§ WHAT IS REQUIRED
Of all the lines in the records below, copy only those that contain the string "with".

§ DATA SECTION
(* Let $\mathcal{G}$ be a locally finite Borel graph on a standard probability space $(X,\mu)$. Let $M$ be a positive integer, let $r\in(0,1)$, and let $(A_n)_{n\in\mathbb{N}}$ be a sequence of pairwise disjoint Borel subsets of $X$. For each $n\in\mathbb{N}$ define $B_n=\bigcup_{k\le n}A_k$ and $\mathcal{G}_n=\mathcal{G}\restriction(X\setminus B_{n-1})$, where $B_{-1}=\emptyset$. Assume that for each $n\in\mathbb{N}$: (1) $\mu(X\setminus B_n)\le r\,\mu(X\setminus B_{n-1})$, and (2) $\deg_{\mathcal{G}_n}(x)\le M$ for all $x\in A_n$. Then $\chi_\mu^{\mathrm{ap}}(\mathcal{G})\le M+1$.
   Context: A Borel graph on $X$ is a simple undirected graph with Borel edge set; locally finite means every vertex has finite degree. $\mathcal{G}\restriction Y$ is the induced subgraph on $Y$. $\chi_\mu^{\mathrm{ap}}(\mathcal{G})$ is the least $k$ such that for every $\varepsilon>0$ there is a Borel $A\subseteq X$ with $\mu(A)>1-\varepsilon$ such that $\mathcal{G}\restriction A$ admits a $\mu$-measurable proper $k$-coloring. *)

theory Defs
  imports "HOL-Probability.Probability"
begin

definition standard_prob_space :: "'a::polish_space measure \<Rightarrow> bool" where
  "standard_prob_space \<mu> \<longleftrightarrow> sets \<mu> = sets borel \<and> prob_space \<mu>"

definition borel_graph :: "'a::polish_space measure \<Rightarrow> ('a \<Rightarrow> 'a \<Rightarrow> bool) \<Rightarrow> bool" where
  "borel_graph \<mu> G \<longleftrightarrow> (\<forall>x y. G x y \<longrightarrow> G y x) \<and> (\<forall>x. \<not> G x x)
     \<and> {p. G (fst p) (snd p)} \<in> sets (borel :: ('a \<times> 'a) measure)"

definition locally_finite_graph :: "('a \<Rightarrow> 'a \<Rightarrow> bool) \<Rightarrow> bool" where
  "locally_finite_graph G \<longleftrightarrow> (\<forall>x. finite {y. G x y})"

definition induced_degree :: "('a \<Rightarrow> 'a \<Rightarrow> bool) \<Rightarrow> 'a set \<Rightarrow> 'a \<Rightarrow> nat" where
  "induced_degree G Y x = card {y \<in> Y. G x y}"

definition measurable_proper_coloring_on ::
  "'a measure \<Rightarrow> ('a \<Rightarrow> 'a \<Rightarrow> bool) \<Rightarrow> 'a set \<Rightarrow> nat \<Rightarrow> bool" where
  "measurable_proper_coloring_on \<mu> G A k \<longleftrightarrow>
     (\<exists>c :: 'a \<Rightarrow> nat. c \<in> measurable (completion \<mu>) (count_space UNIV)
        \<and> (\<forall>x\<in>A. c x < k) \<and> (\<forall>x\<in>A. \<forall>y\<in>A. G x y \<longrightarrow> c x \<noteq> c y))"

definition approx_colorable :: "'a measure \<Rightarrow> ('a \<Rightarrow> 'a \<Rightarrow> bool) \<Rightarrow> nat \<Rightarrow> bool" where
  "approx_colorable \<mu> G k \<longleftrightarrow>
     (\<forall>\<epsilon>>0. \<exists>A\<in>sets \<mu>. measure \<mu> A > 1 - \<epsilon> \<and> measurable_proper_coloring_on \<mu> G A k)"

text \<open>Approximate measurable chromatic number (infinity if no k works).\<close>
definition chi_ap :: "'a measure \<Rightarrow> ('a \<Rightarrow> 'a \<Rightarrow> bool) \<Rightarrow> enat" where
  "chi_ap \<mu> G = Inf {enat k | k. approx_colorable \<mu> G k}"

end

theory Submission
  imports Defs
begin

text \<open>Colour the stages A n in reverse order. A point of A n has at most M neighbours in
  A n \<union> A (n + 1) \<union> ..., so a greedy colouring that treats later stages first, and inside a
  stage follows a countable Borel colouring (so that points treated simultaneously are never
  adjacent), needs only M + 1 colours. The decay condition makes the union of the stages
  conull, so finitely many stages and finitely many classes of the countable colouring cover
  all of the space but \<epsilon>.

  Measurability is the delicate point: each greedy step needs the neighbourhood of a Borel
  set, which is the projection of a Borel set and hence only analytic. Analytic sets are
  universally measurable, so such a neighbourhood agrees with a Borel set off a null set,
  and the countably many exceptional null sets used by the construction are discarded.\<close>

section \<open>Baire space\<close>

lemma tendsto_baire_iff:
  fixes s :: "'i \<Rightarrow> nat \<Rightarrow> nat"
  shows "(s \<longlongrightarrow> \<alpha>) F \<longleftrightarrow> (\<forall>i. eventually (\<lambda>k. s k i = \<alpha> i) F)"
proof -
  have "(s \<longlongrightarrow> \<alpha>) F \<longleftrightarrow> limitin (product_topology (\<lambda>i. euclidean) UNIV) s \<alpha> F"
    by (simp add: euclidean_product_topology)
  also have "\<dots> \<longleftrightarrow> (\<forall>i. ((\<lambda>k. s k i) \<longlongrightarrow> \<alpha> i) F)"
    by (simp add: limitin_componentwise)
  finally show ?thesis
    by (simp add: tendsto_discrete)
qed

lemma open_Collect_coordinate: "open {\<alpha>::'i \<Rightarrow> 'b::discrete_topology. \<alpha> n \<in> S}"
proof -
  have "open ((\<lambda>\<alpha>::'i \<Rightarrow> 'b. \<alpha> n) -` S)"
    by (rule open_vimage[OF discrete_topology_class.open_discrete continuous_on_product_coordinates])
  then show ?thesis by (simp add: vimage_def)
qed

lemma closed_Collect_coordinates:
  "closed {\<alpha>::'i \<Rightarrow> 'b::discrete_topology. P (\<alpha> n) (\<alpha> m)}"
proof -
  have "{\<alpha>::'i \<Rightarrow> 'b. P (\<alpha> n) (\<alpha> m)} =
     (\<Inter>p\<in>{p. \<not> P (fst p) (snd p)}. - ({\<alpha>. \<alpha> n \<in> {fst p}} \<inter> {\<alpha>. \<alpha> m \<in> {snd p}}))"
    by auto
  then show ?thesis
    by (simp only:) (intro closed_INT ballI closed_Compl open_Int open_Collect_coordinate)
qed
...
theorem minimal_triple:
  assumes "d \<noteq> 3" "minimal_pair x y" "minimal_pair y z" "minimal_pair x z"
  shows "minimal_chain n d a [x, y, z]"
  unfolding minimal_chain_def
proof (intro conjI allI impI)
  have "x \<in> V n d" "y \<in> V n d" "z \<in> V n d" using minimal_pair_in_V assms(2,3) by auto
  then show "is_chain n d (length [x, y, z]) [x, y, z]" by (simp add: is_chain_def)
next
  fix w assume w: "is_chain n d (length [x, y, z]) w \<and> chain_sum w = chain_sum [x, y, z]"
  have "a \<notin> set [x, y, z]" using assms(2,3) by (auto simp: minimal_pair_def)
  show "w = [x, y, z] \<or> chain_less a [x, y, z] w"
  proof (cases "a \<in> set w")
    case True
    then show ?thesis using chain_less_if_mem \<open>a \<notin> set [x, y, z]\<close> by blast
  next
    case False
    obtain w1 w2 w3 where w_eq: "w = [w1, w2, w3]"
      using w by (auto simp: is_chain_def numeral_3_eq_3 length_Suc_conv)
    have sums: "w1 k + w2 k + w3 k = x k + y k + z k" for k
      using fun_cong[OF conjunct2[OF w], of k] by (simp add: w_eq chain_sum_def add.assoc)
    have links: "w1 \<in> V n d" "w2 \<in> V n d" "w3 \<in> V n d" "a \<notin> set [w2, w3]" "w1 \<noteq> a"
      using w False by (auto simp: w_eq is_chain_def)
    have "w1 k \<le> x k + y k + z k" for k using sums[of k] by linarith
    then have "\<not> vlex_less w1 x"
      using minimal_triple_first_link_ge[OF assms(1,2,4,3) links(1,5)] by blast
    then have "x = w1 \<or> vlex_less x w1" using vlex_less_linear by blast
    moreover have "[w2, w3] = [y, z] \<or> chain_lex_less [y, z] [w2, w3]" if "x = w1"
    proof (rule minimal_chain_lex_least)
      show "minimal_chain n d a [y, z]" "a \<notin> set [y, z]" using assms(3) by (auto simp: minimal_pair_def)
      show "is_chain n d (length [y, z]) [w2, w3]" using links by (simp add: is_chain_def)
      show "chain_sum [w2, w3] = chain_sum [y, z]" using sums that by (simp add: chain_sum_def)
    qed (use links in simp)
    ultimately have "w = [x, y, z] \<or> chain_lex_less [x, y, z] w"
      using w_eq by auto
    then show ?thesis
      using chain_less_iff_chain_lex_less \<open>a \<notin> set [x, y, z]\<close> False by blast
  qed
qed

§ SOLVED PROBLEM
   Context: A Borel graph on $X$ is a simple undirected graph with Borel edge set; locally finite means every vertex has finite degree. $\mathcal{G}\restriction Y$ is the induced subgraph on $Y$. $\chi_\mu^{\mathrm{ap}}(\mathcal{G})$ is the least $k$ such that for every $\varepsilon>0$ there is a Borel $A\subseteq X$ with $\mu(A)>1-\varepsilon$ such that $\mathcal{G}\restriction A$ admits a $\mu$-measurable proper $k$-coloring. *)
  universally measurable, so such a neighbourhood agrees with a Borel set off a null set,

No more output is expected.